[Collected data entries]
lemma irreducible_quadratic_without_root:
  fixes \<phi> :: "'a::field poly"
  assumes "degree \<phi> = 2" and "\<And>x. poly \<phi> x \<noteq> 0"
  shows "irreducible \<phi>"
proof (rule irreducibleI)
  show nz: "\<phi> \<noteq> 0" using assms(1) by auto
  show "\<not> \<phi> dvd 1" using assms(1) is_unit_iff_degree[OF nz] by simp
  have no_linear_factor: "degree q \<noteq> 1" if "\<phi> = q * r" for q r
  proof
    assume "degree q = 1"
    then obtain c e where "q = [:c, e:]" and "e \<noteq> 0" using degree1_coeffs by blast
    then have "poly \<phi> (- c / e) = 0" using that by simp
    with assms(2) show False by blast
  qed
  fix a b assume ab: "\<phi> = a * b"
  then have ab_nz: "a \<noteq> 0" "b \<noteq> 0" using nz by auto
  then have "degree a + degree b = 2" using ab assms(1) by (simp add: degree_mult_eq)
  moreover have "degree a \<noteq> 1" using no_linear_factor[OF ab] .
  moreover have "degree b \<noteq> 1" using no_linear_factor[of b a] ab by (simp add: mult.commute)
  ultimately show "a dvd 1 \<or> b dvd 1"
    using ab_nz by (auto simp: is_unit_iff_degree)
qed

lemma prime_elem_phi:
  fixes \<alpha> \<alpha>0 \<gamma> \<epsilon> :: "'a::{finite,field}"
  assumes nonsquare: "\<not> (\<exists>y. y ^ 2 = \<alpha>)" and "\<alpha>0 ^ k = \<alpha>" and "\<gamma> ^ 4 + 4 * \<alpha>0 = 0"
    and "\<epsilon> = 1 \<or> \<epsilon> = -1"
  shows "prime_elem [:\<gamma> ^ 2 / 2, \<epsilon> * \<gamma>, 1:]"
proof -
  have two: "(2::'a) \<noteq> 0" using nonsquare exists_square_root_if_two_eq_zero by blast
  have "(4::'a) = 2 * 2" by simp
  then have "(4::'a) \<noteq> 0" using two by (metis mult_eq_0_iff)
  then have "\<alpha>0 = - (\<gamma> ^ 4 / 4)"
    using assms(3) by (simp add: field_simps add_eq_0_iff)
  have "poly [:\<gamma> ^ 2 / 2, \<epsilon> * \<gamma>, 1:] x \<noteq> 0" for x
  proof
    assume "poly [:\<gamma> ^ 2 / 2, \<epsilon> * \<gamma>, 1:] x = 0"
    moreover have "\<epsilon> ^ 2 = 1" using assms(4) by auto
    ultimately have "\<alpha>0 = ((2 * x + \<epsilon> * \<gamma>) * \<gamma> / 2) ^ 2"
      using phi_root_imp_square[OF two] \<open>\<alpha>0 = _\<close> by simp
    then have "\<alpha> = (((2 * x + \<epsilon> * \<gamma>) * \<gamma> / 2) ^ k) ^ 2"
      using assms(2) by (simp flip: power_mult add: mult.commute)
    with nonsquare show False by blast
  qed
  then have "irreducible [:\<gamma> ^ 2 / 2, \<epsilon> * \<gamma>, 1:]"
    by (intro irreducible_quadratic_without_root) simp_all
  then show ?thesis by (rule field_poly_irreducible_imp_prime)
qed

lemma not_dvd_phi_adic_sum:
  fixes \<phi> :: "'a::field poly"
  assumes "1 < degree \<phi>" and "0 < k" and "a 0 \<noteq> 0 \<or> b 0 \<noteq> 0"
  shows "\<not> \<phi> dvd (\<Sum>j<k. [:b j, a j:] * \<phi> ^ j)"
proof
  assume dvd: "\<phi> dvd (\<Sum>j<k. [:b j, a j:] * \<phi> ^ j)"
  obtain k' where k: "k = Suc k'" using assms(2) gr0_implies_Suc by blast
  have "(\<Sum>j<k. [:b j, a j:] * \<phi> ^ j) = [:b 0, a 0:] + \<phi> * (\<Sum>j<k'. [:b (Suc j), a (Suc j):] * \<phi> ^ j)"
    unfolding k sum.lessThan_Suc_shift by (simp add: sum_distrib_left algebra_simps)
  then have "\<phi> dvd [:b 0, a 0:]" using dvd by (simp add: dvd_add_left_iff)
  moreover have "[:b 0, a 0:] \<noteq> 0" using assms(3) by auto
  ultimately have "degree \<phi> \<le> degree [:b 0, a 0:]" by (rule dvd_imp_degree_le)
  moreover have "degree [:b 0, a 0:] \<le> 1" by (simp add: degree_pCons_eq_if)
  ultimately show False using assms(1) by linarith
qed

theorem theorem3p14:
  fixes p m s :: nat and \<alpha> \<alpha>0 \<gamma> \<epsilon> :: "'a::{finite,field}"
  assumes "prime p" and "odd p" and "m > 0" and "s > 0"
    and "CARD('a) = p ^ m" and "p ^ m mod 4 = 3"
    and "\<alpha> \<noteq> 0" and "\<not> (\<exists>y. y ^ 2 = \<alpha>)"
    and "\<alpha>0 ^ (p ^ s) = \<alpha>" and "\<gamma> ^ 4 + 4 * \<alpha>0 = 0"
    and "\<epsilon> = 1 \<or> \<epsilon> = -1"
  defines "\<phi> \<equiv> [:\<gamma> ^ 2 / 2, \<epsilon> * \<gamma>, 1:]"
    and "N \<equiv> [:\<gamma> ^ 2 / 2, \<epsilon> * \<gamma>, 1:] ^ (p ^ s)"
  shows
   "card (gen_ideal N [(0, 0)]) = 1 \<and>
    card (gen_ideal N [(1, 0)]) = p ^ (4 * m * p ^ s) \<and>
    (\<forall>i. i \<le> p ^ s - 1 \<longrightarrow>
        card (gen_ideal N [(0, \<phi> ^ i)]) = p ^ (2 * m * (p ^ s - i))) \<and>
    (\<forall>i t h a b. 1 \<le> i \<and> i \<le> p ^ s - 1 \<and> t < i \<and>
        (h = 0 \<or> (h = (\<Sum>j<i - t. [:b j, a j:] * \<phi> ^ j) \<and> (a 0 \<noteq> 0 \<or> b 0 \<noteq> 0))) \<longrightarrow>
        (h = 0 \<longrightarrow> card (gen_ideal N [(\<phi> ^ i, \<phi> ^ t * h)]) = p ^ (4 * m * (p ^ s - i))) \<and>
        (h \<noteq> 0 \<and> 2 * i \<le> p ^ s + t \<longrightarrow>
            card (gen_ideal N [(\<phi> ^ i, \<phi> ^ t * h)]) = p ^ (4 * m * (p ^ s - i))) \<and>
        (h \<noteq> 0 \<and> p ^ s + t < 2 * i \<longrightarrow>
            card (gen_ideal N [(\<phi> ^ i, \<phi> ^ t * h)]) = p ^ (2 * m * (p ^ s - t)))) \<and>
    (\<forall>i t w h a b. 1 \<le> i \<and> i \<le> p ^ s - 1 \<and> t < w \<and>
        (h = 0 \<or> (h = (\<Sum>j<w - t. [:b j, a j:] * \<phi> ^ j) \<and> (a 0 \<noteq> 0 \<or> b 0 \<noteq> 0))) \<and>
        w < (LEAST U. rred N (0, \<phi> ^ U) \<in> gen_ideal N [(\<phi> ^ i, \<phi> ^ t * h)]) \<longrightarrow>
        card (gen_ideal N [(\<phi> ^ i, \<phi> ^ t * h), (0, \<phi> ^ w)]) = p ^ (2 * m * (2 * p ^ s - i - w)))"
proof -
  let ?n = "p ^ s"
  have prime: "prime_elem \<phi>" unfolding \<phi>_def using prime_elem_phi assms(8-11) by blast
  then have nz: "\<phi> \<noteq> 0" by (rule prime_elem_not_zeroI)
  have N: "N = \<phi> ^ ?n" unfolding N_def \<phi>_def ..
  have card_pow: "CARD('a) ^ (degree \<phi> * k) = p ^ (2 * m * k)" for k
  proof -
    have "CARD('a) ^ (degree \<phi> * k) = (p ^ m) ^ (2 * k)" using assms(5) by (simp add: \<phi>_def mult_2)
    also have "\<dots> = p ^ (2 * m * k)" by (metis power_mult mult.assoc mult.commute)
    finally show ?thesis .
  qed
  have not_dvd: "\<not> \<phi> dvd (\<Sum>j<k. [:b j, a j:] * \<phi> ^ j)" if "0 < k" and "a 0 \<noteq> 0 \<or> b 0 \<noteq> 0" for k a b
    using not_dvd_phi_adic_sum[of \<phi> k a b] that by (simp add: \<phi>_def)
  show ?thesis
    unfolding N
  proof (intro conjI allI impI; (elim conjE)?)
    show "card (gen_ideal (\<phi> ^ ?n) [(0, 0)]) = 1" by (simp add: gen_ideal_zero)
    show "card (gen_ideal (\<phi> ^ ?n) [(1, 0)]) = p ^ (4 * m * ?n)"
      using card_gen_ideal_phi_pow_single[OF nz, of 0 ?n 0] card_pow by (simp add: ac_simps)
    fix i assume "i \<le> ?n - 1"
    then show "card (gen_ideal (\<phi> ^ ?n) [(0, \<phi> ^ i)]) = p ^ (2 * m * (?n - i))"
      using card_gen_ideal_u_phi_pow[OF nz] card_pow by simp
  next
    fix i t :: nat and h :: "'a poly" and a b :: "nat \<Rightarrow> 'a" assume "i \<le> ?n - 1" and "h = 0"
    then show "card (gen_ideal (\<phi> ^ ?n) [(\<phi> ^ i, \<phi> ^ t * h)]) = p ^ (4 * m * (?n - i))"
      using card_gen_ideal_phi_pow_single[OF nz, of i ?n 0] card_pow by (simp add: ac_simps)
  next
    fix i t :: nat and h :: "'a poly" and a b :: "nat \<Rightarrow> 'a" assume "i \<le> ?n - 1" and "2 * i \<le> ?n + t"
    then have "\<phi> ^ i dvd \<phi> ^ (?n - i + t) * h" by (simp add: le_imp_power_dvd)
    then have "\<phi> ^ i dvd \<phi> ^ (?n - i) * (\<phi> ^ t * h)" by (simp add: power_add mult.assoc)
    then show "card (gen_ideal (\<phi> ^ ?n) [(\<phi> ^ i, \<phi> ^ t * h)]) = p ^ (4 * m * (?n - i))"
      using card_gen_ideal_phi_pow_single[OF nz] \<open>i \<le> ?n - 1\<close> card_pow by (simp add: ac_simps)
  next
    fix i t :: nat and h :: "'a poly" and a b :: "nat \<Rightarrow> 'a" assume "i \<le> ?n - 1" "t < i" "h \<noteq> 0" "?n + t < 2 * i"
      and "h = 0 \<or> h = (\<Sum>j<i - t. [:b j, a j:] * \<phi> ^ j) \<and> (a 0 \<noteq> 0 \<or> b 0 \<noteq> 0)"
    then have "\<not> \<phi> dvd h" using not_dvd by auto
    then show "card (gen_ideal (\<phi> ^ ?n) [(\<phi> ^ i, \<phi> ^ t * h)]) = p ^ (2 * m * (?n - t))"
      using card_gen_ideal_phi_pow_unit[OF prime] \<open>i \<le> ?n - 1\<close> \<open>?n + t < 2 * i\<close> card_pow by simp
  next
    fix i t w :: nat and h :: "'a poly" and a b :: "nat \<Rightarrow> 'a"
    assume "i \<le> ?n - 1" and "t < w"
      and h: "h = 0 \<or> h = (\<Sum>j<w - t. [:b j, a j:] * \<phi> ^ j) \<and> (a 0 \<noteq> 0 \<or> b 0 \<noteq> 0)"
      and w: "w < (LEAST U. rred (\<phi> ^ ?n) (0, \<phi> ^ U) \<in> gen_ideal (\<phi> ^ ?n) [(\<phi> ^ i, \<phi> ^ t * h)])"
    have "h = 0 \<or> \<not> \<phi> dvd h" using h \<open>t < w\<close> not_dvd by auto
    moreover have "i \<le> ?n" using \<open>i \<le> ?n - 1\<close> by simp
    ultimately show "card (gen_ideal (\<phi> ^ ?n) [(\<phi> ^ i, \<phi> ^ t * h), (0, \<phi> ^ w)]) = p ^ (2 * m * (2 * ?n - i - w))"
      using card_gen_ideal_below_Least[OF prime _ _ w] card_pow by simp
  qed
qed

Exercise aim
Pull out all lines in the data above that include "lemma".

Reply
lemma irreducible_quadratic_without_root:
lemma prime_elem_phi:
lemma not_dvd_phi_adic_sum:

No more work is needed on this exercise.